- [Task directions]
In the records below, some lines contain the word "close". Copy each of them.

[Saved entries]

== Segment start ==

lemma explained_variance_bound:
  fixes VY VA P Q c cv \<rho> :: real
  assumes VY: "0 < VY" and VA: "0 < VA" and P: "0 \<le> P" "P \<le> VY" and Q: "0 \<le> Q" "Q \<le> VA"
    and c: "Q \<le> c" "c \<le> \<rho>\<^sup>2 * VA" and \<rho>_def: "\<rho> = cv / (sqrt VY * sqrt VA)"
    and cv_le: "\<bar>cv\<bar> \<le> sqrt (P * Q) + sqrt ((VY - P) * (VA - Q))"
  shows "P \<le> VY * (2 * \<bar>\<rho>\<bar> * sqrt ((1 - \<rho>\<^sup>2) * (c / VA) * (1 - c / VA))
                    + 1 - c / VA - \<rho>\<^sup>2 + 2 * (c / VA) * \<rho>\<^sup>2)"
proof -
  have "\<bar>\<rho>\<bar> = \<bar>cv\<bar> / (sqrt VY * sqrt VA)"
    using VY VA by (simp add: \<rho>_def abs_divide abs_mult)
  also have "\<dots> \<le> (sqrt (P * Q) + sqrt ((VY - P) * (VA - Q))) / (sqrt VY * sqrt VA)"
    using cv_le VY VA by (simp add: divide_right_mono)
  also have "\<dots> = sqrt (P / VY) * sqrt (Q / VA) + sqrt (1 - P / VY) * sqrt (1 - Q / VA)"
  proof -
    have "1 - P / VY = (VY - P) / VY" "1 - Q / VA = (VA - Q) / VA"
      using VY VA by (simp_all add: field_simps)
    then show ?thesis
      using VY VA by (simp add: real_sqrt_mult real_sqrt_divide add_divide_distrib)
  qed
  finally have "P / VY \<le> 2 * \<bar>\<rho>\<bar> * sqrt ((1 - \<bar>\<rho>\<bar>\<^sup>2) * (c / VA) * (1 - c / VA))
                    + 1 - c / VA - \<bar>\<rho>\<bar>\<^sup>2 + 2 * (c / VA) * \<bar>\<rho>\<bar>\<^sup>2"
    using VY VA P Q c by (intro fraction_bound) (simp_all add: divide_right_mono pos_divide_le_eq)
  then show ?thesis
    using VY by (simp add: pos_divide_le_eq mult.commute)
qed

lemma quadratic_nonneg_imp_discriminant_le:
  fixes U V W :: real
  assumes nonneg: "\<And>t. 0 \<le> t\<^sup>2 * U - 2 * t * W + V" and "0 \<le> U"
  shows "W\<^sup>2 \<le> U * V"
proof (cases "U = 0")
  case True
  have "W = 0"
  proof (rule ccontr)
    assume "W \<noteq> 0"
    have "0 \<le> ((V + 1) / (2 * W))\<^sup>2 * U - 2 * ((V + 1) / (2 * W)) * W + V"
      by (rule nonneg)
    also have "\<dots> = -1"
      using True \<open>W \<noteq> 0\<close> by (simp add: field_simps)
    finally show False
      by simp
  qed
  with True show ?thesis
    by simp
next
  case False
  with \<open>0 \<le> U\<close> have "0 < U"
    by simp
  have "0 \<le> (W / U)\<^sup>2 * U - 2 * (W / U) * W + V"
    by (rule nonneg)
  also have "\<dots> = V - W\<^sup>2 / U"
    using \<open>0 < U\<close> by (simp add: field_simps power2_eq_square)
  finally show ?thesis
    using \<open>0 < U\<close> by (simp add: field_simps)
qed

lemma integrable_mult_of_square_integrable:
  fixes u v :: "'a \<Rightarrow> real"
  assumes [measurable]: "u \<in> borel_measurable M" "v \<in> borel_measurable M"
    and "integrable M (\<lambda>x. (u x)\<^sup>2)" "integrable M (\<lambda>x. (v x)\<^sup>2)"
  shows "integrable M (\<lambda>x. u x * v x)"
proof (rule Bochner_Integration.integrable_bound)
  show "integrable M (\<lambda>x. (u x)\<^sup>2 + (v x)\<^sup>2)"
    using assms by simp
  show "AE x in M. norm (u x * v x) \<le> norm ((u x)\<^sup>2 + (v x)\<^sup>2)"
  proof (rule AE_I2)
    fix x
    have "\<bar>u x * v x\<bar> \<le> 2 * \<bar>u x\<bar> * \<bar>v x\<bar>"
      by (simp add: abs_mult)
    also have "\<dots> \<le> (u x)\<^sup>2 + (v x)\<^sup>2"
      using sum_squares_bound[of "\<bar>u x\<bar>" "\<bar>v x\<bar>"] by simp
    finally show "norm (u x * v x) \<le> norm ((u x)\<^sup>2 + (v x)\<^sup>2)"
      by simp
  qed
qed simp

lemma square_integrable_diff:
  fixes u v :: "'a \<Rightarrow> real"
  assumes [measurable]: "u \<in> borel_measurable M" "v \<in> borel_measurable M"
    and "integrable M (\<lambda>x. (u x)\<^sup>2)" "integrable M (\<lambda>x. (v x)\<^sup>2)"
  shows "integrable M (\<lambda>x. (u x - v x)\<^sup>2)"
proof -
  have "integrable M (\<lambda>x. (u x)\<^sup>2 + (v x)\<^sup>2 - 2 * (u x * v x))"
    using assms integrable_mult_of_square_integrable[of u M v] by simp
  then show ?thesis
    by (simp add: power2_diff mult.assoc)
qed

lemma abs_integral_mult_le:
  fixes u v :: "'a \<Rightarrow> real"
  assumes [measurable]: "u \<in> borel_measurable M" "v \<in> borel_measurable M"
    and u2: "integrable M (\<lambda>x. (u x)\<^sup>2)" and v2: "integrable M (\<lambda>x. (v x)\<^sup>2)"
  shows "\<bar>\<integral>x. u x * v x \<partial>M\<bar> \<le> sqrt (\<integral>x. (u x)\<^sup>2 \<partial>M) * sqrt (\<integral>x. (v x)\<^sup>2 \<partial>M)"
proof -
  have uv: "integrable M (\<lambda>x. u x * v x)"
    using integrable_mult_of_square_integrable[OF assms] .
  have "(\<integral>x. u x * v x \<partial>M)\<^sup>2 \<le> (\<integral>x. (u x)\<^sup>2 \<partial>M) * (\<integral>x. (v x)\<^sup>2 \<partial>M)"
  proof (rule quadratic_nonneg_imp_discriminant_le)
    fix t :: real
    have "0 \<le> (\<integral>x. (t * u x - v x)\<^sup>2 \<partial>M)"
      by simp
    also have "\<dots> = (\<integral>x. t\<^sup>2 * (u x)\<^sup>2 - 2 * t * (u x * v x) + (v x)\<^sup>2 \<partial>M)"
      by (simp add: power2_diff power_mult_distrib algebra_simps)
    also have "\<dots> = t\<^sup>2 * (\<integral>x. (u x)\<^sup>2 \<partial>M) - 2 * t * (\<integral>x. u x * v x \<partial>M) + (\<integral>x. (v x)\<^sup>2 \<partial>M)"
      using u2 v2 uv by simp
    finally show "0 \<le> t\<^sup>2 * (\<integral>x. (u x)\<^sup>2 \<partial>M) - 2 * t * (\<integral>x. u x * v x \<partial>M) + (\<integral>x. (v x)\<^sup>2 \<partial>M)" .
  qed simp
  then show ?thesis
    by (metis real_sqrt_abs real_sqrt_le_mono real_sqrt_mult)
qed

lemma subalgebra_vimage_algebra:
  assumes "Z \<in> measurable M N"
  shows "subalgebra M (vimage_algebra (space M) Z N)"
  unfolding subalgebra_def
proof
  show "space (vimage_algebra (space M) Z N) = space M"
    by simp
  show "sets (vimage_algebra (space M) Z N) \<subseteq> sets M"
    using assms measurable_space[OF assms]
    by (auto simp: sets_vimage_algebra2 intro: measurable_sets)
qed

== Segment end ==

- [Solution for this task]
      using True \<open>W \<noteq> 0\<close> by (simp add: field_simps)
  with \<open>0 \<le> U\<close> have "0 < U"
    using \<open>0 < U\<close> by (simp add: field_simps power2_eq_square)
    using \<open>0 < U\<close> by (simp add: field_simps)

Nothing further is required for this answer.